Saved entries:
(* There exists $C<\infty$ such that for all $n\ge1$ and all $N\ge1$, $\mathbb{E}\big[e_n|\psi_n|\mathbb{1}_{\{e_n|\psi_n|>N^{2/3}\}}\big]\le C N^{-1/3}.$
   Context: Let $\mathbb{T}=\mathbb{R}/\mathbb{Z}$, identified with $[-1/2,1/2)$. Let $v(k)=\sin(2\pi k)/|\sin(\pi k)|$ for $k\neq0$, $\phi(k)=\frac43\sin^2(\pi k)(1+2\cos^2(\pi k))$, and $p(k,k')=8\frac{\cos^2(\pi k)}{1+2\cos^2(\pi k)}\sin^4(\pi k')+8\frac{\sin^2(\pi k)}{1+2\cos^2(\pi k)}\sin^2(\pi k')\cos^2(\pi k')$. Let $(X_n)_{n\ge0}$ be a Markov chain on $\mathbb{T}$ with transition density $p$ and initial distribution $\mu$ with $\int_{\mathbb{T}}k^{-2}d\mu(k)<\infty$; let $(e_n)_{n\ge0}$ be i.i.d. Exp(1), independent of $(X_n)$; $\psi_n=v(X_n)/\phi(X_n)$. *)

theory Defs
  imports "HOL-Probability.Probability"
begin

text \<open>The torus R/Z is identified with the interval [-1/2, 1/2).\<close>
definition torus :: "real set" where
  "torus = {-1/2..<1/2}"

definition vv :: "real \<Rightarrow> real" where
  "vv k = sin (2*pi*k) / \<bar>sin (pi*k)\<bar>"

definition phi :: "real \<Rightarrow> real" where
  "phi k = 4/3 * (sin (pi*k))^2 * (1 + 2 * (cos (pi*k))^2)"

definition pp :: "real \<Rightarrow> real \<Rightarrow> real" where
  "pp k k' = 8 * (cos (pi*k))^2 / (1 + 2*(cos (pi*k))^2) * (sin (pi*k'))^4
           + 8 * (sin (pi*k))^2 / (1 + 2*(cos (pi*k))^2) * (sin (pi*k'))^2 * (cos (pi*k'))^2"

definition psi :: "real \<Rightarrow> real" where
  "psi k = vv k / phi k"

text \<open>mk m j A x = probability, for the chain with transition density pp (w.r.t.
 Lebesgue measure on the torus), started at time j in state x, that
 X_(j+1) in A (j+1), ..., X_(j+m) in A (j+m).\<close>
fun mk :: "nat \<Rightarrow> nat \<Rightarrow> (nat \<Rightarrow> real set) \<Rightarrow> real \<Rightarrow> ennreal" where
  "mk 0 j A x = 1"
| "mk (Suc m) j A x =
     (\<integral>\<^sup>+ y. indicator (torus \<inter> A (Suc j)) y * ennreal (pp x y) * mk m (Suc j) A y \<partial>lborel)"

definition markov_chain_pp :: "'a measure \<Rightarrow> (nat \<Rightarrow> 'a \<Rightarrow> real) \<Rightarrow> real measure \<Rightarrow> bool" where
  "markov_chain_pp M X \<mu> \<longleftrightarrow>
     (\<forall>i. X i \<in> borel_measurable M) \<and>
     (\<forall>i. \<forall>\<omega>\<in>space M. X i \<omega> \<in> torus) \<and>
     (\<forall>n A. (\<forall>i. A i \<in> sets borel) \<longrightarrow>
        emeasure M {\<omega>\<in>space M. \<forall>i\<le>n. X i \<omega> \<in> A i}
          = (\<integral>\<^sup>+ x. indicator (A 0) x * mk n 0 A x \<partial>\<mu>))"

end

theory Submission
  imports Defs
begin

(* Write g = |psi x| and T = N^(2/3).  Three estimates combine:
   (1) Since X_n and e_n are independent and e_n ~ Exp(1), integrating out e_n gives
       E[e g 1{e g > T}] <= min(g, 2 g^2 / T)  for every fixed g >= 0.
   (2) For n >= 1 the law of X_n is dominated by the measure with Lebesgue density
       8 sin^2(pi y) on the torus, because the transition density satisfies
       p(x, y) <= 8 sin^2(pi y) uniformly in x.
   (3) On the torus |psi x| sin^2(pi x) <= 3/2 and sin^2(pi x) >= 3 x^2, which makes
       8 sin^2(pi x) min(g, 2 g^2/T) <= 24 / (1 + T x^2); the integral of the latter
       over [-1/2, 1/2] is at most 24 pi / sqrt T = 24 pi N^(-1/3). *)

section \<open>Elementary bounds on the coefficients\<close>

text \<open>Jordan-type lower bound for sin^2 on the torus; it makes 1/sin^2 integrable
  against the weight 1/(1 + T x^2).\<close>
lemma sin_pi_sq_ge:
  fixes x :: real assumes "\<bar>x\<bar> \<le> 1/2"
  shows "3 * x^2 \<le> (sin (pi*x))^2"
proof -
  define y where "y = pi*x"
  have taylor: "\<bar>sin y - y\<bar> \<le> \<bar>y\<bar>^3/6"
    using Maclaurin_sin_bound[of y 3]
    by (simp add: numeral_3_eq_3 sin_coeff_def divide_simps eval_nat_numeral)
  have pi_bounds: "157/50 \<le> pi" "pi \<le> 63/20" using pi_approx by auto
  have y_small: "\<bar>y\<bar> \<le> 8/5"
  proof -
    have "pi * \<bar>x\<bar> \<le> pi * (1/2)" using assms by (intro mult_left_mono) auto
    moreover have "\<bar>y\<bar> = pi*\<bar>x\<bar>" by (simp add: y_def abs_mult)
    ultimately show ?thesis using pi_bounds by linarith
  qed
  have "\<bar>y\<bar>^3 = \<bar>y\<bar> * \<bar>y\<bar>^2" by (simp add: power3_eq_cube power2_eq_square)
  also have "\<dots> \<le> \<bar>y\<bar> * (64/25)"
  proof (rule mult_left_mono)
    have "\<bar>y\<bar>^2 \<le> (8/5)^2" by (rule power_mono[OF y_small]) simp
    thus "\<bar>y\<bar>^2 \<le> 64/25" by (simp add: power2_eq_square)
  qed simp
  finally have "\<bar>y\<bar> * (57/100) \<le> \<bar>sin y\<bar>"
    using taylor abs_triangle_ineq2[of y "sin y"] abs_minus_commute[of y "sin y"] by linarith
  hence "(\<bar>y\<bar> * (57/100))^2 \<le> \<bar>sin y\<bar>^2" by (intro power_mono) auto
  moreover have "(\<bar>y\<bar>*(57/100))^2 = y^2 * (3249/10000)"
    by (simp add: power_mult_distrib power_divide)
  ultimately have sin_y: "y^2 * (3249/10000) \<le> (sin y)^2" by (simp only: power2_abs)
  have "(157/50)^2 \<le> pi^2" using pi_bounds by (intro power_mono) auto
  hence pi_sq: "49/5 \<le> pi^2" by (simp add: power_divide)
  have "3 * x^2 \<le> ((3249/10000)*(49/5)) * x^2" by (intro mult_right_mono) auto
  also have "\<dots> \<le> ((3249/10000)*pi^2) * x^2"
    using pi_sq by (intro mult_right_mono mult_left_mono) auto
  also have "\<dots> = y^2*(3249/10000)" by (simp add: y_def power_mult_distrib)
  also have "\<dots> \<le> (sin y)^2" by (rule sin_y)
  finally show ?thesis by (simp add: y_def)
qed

* * *

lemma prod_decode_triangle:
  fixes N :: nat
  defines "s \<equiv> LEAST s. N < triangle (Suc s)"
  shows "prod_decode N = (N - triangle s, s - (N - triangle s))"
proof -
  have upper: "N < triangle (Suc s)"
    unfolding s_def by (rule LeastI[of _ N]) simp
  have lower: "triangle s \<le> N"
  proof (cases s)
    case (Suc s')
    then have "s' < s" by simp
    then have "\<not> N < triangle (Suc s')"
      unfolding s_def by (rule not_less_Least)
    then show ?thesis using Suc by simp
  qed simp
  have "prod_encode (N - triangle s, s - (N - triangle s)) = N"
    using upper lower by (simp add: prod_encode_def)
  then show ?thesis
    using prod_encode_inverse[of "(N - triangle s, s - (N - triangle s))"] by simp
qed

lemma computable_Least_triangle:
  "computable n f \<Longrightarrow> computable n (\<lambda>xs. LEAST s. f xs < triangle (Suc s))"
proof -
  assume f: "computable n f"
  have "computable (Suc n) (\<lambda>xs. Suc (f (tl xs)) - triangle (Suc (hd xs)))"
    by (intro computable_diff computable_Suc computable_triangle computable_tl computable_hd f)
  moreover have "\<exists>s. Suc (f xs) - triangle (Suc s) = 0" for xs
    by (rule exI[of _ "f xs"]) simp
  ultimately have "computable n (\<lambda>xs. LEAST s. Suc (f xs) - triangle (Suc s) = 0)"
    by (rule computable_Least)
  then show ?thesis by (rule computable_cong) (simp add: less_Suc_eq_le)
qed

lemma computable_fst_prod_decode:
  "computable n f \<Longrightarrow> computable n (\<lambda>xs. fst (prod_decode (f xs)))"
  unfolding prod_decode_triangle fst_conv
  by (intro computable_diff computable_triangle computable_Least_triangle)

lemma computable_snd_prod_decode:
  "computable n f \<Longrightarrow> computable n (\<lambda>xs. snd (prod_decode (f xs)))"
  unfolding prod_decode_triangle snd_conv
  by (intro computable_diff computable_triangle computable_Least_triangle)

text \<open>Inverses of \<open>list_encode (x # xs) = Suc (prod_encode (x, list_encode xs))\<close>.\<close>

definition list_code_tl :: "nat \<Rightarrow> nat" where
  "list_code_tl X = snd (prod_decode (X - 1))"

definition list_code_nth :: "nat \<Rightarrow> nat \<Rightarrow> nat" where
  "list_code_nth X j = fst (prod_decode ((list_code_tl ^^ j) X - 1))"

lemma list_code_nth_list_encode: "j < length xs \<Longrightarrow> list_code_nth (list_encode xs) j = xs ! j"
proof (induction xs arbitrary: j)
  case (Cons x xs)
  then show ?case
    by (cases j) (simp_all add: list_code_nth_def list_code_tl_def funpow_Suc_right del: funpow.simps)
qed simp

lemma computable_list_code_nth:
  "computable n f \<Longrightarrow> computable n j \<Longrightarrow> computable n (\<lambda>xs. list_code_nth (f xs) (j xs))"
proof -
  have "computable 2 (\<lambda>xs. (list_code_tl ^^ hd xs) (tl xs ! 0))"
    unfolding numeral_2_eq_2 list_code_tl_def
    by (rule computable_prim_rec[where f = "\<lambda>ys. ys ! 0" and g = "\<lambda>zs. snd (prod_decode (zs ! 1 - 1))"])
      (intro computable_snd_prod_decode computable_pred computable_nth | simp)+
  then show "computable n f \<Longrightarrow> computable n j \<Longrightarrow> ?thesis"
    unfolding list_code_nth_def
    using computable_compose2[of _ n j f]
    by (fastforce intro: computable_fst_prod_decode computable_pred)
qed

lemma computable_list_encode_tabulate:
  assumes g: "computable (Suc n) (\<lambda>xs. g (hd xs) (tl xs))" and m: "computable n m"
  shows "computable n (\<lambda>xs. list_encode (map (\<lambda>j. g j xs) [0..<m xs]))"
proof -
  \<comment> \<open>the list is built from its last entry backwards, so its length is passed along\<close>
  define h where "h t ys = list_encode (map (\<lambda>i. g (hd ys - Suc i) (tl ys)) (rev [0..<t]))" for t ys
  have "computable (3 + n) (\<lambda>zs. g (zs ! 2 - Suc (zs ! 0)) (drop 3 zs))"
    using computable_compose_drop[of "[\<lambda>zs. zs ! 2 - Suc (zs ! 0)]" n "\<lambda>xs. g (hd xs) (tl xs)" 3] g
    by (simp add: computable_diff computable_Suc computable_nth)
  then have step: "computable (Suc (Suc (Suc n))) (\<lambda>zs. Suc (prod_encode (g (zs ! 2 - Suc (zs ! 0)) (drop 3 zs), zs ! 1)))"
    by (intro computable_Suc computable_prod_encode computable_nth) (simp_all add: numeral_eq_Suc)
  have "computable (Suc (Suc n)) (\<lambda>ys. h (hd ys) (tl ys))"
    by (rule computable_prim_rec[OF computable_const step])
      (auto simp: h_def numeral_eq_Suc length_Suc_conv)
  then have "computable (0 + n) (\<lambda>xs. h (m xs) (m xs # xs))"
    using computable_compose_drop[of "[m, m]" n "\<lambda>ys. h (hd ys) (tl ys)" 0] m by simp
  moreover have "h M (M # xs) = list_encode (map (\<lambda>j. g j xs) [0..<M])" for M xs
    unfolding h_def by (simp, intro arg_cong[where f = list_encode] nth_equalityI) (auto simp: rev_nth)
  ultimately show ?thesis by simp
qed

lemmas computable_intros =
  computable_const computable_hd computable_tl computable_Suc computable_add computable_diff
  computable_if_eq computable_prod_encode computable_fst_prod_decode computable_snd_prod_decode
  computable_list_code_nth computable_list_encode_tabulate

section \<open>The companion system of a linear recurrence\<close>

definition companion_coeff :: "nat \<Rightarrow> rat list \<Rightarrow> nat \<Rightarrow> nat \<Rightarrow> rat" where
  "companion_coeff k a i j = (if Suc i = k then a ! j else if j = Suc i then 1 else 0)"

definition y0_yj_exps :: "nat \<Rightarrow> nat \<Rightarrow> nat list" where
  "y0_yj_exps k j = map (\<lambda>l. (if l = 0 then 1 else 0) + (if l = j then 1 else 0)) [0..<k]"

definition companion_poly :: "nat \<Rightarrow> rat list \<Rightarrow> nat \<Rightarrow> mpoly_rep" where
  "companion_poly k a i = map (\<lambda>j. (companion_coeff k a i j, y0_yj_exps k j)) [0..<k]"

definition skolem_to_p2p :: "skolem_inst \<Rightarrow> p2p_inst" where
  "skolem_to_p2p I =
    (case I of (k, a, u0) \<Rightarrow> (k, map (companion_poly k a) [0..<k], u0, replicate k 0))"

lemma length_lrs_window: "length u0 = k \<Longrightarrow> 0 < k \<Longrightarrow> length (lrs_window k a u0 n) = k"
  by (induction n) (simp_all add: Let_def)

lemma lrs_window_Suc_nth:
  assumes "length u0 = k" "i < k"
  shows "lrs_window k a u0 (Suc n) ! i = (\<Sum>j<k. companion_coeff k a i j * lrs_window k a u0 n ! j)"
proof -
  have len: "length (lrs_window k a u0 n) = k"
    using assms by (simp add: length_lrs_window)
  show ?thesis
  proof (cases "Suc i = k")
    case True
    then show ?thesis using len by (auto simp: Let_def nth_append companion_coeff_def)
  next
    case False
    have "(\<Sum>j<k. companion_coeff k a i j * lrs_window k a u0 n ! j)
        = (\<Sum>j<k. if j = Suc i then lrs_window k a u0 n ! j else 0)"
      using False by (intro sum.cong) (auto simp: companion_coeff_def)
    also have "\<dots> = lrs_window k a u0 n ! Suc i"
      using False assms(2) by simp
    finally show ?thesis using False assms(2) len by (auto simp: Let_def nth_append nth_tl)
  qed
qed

• ASSIGNMENT
Print, without alteration, only the lines above between the one holding "(* There exists" and the one holding "sin (2*pi*k) /", inclusive.

• FINISHED EXERCISE
(* There exists $C<\infty$ such that for all $n\ge1$ and all $N\ge1$, $\mathbb{E}\big[e_n|\psi_n|\mathbb{1}_{\{e_n|\psi_n|>N^{2/3}\}}\big]\le C N^{-1/3}.$
   Context: Let $\mathbb{T}=\mathbb{R}/\mathbb{Z}$, identified with $[-1/2,1/2)$. Let $v(k)=\sin(2\pi k)/|\sin(\pi k)|$ for $k\neq0$, $\phi(k)=\frac43\sin^2(\pi k)(1+2\cos^2(\pi k))$, and $p(k,k')=8\frac{\cos^2(\pi k)}{1+2\cos^2(\pi k)}\sin^4(\pi k')+8\frac{\sin^2(\pi k)}{1+2\cos^2(\pi k)}\sin^2(\pi k')\cos^2(\pi k')$. Let $(X_n)_{n\ge0}$ be a Markov chain on $\mathbb{T}$ with transition density $p$ and initial distribution $\mu$ with $\int_{\mathbb{T}}k^{-2}d\mu(k)<\infty$; let $(e_n)_{n\ge0}$ be i.i.d. Exp(1), independent of $(X_n)$; $\psi_n=v(X_n)/\phi(X_n)$. *)

theory Defs
  imports "HOL-Probability.Probability"
begin

text \<open>The torus R/Z is identified with the interval [-1/2, 1/2).\<close>
definition torus :: "real set" where
  "torus = {-1/2..<1/2}"

definition vv :: "real \<Rightarrow> real" where
  "vv k = sin (2*pi*k) / \<bar>sin (pi*k)\<bar>"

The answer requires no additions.